As it turns out, at least according to my schema, male librarians are way more likely to be hunks than interweb guybrarians.

The fallout so far is that I’ve gained a few followers from the second list and I don’t think any from the first. I feel like a middle school tool, getting attention any way he can. I’m really sorry about that.

If I’ve put you on either of these lists, it doesn’t mean I think you are particularly attractive, or geeky, it just means that during the 20 or 30 minutes I spent making them lists, I happened to find you, probably from someone else’s list of librarians.

Some searches I have going on in the background of my Twitter client tell me that I made a few people’s day by putting them on the library-hunk list, and one person was excited to be an internet guybrarian, and seeing that feedback might have made it all worthwhile.

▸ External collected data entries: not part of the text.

(* Let $B$ be a densely defined closed symmetric completely non-selfadjoint operator on a Hilbert space $\mathcal{H}$ with finite deficiency indices $(n,n)$, let $\Pi=(\mathbb{C}^n,\Gamma_1,\Gamma_2)$ be a boundary triplet for $B^*$ with Weyl function $M$, and let $\Omega$ be the matrix-valued measure associated with $M$. For $D\in\mathbb{H}_n$ let $A_D$ be the self-adjoint extension of $B$ with domain $\operatorname{Ker}(\Gamma_2-D\Gamma_1)$. With $T(x):=\int_{\mathbb{R}}\frac{d\Omega(y)}{(x-y)^2}$, $$\{x\in\mathbb{R}:T(x)\in\mathbb{C}^{n\times n}\}=\bigcup_{D\in\mathbb{H}_n}\sigma_p^{max}(A_D).$$
   Context: A boundary triplet for $B^*$ is $(\mathbb{C}^n,\Gamma_1,\Gamma_2)$ with linear $\Gamma_i:D(B^* )\to\mathbb{C}^n$ satisfying $\langle B^*x,y\rangle-\langle x,B^*y\rangle=\langle\Gamma_2x,\Gamma_1y\rangle-\langle\Gamma_1x,\Gamma_2y\rangle$ for $x,y\in D(B^* )$ and with $x\mapsto(\Gamma_1x,\Gamma_2x)$ surjective onto $\mathbb{C}^n\oplus\mathbb{C}^n$. $A_1$ is the restriction of $B^*$ to $\operatorname{Ker}\Gamma_1$. The Weyl function $M:\varrho(A_1)\to\mathbb{C}^{n\times n}$ is defined by $\Gamma_2f_z=M(z)\Gamma_1f_z$ for all $f_z\in\operatorname{Ker}(B^*-zI)$. $\mathbb{H}_n$ is the set of self-adjoint $n\times n$ complex matrices. Completely non-selfadjoint: no reducing subspace on which the part of $B$ is self-adjoint. $\sigma_p^{max}(A)$ is the set of eigenvalues $z$ of $A$ with $\dim\operatorname{Ker}(A-zI)=n$. The matrix-valued measure associated with a Nevanlinna–Herglotz matrix $F$ is the measure $\Omega$ (positive-semidefinite-matrix-valued on bounded Borel sets, countably additive) in the representation $F(z)=C+Kz+\int_{\mathbb{R}}\big(\frac{1}{y-z}-\frac{y}{1+y^2}\big)d\Omega(y)$ with $C=C^*$, $K\ge0$. $T(x)\in\mathbb{C}^{n\times n}$ means $\int\frac{1}{(x-y)^2}d\langle c,\Omega(y)c\rangle_{\mathbb{C}^n}<\infty$ for every $c\in\mathbb{C}^n$. *)

theory Defs
  imports "HOL-Analysis.Analysis"
begin

text \<open>The inner product is linear in the first and conjugate-linear in the second argument.\<close>

definition hnorm :: "('h \<Rightarrow> 'h \<Rightarrow> complex) \<Rightarrow> 'h \<Rightarrow> real" where
  "hnorm ip x = sqrt (Re (ip x x))"

definition hconv :: "('h::ab_group_add \<Rightarrow> 'h \<Rightarrow> complex) \<Rightarrow> (nat \<Rightarrow> 'h) \<Rightarrow> 'h \<Rightarrow> bool" where
  "hconv ip X x \<longleftrightarrow> (\<lambda>k. hnorm ip (X k - x)) \<longlonglongrightarrow> 0"

definition hilbert_space :: "(complex \<Rightarrow> 'h::ab_group_add \<Rightarrow> 'h) \<Rightarrow> ('h \<Rightarrow> 'h \<Rightarrow> complex) \<Rightarrow> bool" where
  "hilbert_space sm ip \<longleftrightarrow>
     (\<forall>a b x. sm a (sm b x) = sm (a * b) x) \<and> (\<forall>x. sm 1 x = x) \<and>
     (\<forall>a x y. sm a (x + y) = sm a x + sm a y) \<and> (\<forall>a b x. sm (a + b) x = sm a x + sm b x) \<and>
     (\<forall>x y z. ip (x + y) z = ip x z + ip y z) \<and> (\<forall>a x y. ip (sm a x) y = a * ip x y) \<and>
     (\<forall>x y. ip y x = cnj (ip x y)) \<and> (\<forall>x. Re (ip x x) \<ge> 0) \<and> (\<forall>x. ip x x = 0 \<longrightarrow> x = 0) \<and>
     (\<forall>X. (\<forall>e>0. \<exists>N. \<forall>m\<ge>N. \<forall>k\<ge>N. hnorm ip (X m - X k) < e) \<longrightarrow> (\<exists>x. hconv ip X x))"

definition subspace_h :: "(complex \<Rightarrow> 'h::ab_group_add \<Rightarrow> 'h) \<Rightarrow> 'h set \<Rightarrow> bool" where
  "subspace_h sm S \<longleftrightarrow> 0 \<in> S \<and> (\<forall>x\<in>S. \<forall>y\<in>S. x + y \<in> S) \<and> (\<forall>a. \<forall>x\<in>S. sm a x \<in> S)"

definition closed_subspace_h :: "(complex \<Rightarrow> 'h::ab_group_add \<Rightarrow> 'h) \<Rightarrow> ('h \<Rightarrow> 'h \<Rightarrow> complex) \<Rightarrow> 'h set \<Rightarrow> bool" where
  "closed_subspace_h sm ip S \<longleftrightarrow> subspace_h sm S \<and> (\<forall>X x. (\<forall>k. X k \<in> S) \<and> hconv ip X x \<longrightarrow> x \<in> S)"

definition hdim :: "(complex \<Rightarrow> 'h::ab_group_add \<Rightarrow> 'h) \<Rightarrow> 'h set \<Rightarrow> nat \<Rightarrow> bool" where
  "hdim sm S n \<longleftrightarrow> (\<exists>v::nat \<Rightarrow> 'h.
      (\<forall>c. (\<Sum>i<n. sm (c i) (v i)) = 0 \<longrightarrow> (\<forall>i<n. c i = 0)) \<and>
      S = {(\<Sum>i<n. sm (c i) (v i)) | c. True})"

definition dense_in :: "('h::ab_group_add \<Rightarrow> 'h \<Rightarrow> complex) \<Rightarrow> 'h set \<Rightarrow> 'h set \<Rightarrow> bool" where
  "dense_in ip H0 S \<longleftrightarrow> (\<forall>x\<in>H0. \<forall>e>0. \<exists>y\<in>S. hnorm ip (x - y) < e)"

definition lin_op :: "(complex \<Rightarrow> 'h::ab_group_add \<Rightarrow> 'h) \<Rightarrow> 'h set \<Rightarrow> ('h \<Rightarrow> 'h) \<Rightarrow> bool" where
  "lin_op sm Dom f \<longleftrightarrow> subspace_h sm Dom \<and>
     (\<forall>x\<in>Dom. \<forall>y\<in>Dom. \<forall>a b. f (sm a x + sm b y) = sm a (f x) + sm b (f y))"

definition closed_op :: "('h::ab_group_add \<Rightarrow> 'h \<Rightarrow> complex) \<Rightarrow> 'h set \<Rightarrow> ('h \<Rightarrow> 'h) \<Rightarrow> bool" where
  "closed_op ip Dom f \<longleftrightarrow> (\<forall>X x y. (\<forall>k. X k \<in> Dom) \<and> hconv ip X x \<and> hconv ip (\<lambda>k. f (X k)) y
       \<longrightarrow> x \<in> Dom \<and> f x = y)"

definition symmetric_op :: "('h \<Rightarrow> 'h \<Rightarrow> complex) \<Rightarrow> 'h set \<Rightarrow> ('h \<Rightarrow> 'h) \<Rightarrow> bool" where
  "symmetric_op ip Dom f \<longleftrightarrow> (\<forall>x\<in>Dom. \<forall>y\<in>Dom. ip (f x) y = ip x (f y))"

definition adj_dom :: "('h \<Rightarrow> 'h \<Rightarrow> complex) \<Rightarrow> 'h set \<Rightarrow> ('h \<Rightarrow> 'h) \<Rightarrow> 'h set" where
  "adj_dom ip Dom f = {y. \<exists>z. \<forall>x\<in>Dom. ip (f x) y = ip x z}"

definition adj_op :: "('h \<Rightarrow> 'h \<Rightarrow> complex) \<Rightarrow> 'h set \<Rightarrow> ('h \<Rightarrow> 'h) \<Rightarrow> 'h \<Rightarrow> 'h" where
  "adj_op ip Dom f y = (SOME z. \<forall>x\<in>Dom. ip (f x) y = ip x z)"

text \<open>Self-adjointness of an operator \<open>(Dom, g)\<close> acting in the (closed) subspace \<open>H0\<close>
  regarded as a Hilbert space: it is densely defined in \<open>H0\<close> and equals its adjoint
  (taken in \<open>H0\<close>), i.e. the adjoint domain is \<open>Dom\<close> and the adjoint acts as \<open>g\<close>.\<close>
definition selfadj_in :: "('h::ab_group_add \<Rightarrow> 'h \<Rightarrow> complex) \<Rightarrow> 'h set \<Rightarrow> 'h set \<Rightarrow> ('h \<Rightarrow> 'h) \<Rightarrow> bool" where
  "selfadj_in ip H0 Dom g \<longleftrightarrow> Dom \<subseteq> H0 \<and> (\<forall>x\<in>Dom. g x \<in> H0) \<and> dense_in ip H0 Dom \<and>
     {y\<in>H0. \<exists>z\<in>H0. \<forall>x\<in>Dom. ip (g x) y = ip x z} = Dom \<and>
     (\<forall>y\<in>Dom. \<forall>x\<in>Dom. ip (g x) y = ip x (g y))"

definition orth_to :: "('h \<Rightarrow> 'h \<Rightarrow> complex) \<Rightarrow> 'h \<Rightarrow> 'h set \<Rightarrow> bool" where
  "orth_to ip v L \<longleftrightarrow> (\<forall>u\<in>L. ip v u = 0)"

text \<open>\<open>L\<close> reduces \<open>(Dom, f)\<close>: for \<open>x \<in> Dom\<close> with orthogonal decomposition \<open>x = Px + (x - Px)\<close>
  we have \<open>Px \<in> Dom\<close> and \<open>f (Px) = P (f x)\<close>, i.e. \<open>f Px \<in> L\<close>, \<open>f (x - Px) \<perp> L\<close>.\<close>
definition reducing :: "('h::ab_group_add \<Rightarrow> 'h \<Rightarrow> complex) \<Rightarrow> 'h set \<Rightarrow> ('h \<Rightarrow> 'h) \<Rightarrow> 'h set \<Rightarrow> bool" where
  "reducing ip Dom f L \<longleftrightarrow> (\<forall>x\<in>Dom. \<exists>u v. x = u + v \<and> u \<in> L \<and> orth_to ip v L \<and>
       u \<in> Dom \<and> f u \<in> L \<and> orth_to ip (f v) L)"

definition completely_nonselfadjoint ::
  "(complex \<Rightarrow> 'h::ab_group_add \<Rightarrow> 'h) \<Rightarrow> ('h \<Rightarrow> 'h \<Rightarrow> complex) \<Rightarrow> 'h set \<Rightarrow> ('h \<Rightarrow> 'h) \<Rightarrow> bool" where
  "completely_nonselfadjoint sm ip Dom f \<longleftrightarrow>
     \<not> (\<exists>L. closed_subspace_h sm ip L \<and> L \<noteq> {0} \<and> reducing ip Dom f L \<and> selfadj_in ip L (Dom \<inter> L) f)"

definition eigsp :: "(complex \<Rightarrow> 'h \<Rightarrow> 'h) \<Rightarrow> 'h set \<Rightarrow> ('h \<Rightarrow> 'h) \<Rightarrow> complex \<Rightarrow> 'h set" where
  "eigsp sm Dom g z = {x\<in>Dom. g x = sm z x}"

definition resolvent_set ::
  "(complex \<Rightarrow> 'h::ab_group_add \<Rightarrow> 'h) \<Rightarrow> ('h \<Rightarrow> 'h \<Rightarrow> complex) \<Rightarrow> 'h set \<Rightarrow> ('h \<Rightarrow> 'h) \<Rightarrow> complex set" where
  "resolvent_set sm ip Dom g = {z. (\<forall>y. \<exists>!x. x \<in> Dom \<and> g x - sm z x = y) \<and>
       (\<exists>C. \<forall>x\<in>Dom. hnorm ip x \<le> C * hnorm ip (g x - sm z x))}"

definition sigma_p_max :: "(complex \<Rightarrow> 'h::ab_group_add \<Rightarrow> 'h) \<Rightarrow> 'h set \<Rightarrow> ('h \<Rightarrow> 'h) \<Rightarrow> nat \<Rightarrow> complex set" where
  "sigma_p_max sm Dom g n = {z. eigsp sm Dom g z \<noteq> {0} \<and> hdim sm (eigsp sm Dom g z) n}"

definition cip :: "complex^'n \<Rightarrow> complex^'n \<Rightarrow> complex" where
  "cip a b = (\<Sum>i\<in>UNIV. a$i * cnj (b$i))"

definition boundary_triplet ::
  "(complex \<Rightarrow> 'h::ab_group_add \<Rightarrow> 'h) \<Rightarrow> ('h \<Rightarrow> 'h \<Rightarrow> complex) \<Rightarrow> 'h set \<Rightarrow> ('h \<Rightarrow> 'h) \<Rightarrow>
   ('h \<Rightarrow> complex^'n::finite) \<Rightarrow> ('h \<Rightarrow> complex^'n) \<Rightarrow> bool" where
  "boundary_triplet sm ip Dom f G1 G2 \<longleftrightarrow>
     (let Ds = adj_dom ip Dom f; Bs = adj_op ip Dom f in
      (\<forall>x\<in>Ds. \<forall>y\<in>Ds. \<forall>a b. G1 (sm a x + sm b y) = a *s G1 x + b *s G1 y \<and>
                            G2 (sm a x + sm b y) = a *s G2 x + b *s G2 y) \<and>
      (\<forall>x\<in>Ds. \<forall>y\<in>Ds. ip (Bs x) y - ip x (Bs y) = cip (G2 x) (G1 y) - cip (G1 x) (G2 y)) \<and>
      (\<forall>a b. \<exists>x\<in>Ds. G1 x = a \<and> G2 x = b))"

definition weyl_function ::
  "(complex \<Rightarrow> 'h::ab_group_add \<Rightarrow> 'h) \<Rightarrow> ('h \<Rightarrow> 'h \<Rightarrow> complex) \<Rightarrow> 'h set \<Rightarrow> ('h \<Rightarrow> 'h) \<Rightarrow>
   ('h \<Rightarrow> complex^'n::finite) \<Rightarrow> ('h \<Rightarrow> complex^'n) \<Rightarrow> (complex \<Rightarrow> complex^'n^'n) \<Rightarrow> bool" where
  "weyl_function sm ip Dom f G1 G2 M \<longleftrightarrow>
     (let Ds = adj_dom ip Dom f; Bs = adj_op ip Dom f; D1 = {x\<in>Ds. G1 x = 0} in
      \<forall>z\<in>resolvent_set sm ip D1 Bs. \<forall>x\<in>eigsp sm Ds Bs z. G2 x = M z *v G1 x)"

definition ext_dom ::
  "('h \<Rightarrow> 'h \<Rightarrow> complex) \<Rightarrow> 'h set \<Rightarrow> ('h \<Rightarrow> 'h) \<Rightarrow> ('h \<Rightarrow> complex^'n::finite) \<Rightarrow> ('h \<Rightarrow> complex^'n) \<Rightarrow>
   complex^'n^'n \<Rightarrow> 'h set" where
  "ext_dom ip Dom f G1 G2 D = {x\<in>adj_dom ip Dom f. G2 x = D *v G1 x}"

definition hermitian_mat :: "complex^'n^'n \<Rightarrow> bool" where
  "hermitian_mat A \<longleftrightarrow> (\<forall>i j. A$i$j = cnj (A$j$i))"

definition psd_mat :: "complex^'n::finite^'n \<Rightarrow> bool" where
  "psd_mat A \<longleftrightarrow> (\<forall>c. cip (A *v c) c \<in> \<real> \<and> Re (cip (A *v c) c) \<ge> 0)"

text \<open>A matrix-valued measure: positive-semidefinite on bounded Borel sets and countably additive
  there (values on other sets are irrelevant).\<close>
definition matrix_measure :: "(real set \<Rightarrow> complex^'n::finite^'n) \<Rightarrow> bool" where
  "matrix_measure Om \<longleftrightarrow>
     (\<forall>S. S \<in> sets borel \<and> bounded S \<longrightarrow> psd_mat (Om S)) \<and>
     (\<forall>A::nat \<Rightarrow> real set. (\<forall>k. A k \<in> sets borel) \<and> disjoint_family A \<and> bounded (\<Union>k. A k)
        \<longrightarrow> (\<lambda>k. Om (A k)) sums Om (\<Union>k. A k))"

If you withheld feedback, I probably think you’re great. If we’ve met in person, I probably like you. if we haven’t met, we should get together. To hell with lists, I’ll keep them up for another week or month then zzzt.

Discussion

3 comments for “lists of listmakers and the lists they make”

  1. I mostly only use Twitter to follow librarians in the first place, so making a list of librarians seemed pretty pointless. Instead I decided to make a list of other people that I might not otherwise have followed, namely people I don’t know at all but share the local geography. So now I can see what’s going on around town - but then, I never check my list, so maybe it’s not that useful after all.

    Good post, though, and sorry to hear you’re sick. Hope you feel better soon!

    Posted by ahniwa | November 17, 2009, 9:50 am
  2. First off, with the exception of Christmas lists, grocery lists, and all those annoying “Top 35 Hair Salons in Portland!” lists in chick magazines, listmaking is totally a guy thing. Exhibit A: the main character in the Nick Hornby book “High Fidelity,” who is obsessed with shuffling and reshuffling his lists of the greatest record albums ever.

    Second off, what are you saying about librarians and their lists? That they’re just more solipsistic than the average joe/jane?

    Posted by Caroline | November 30, 2009, 11:01 pm
  3. nah, i think librarians make lists because they have an inclination to figure out how things work and why they might be useful. actual instructions in library school included to work the library catalog so hard that it overheats. ‘make it smoke’, the reference professor said.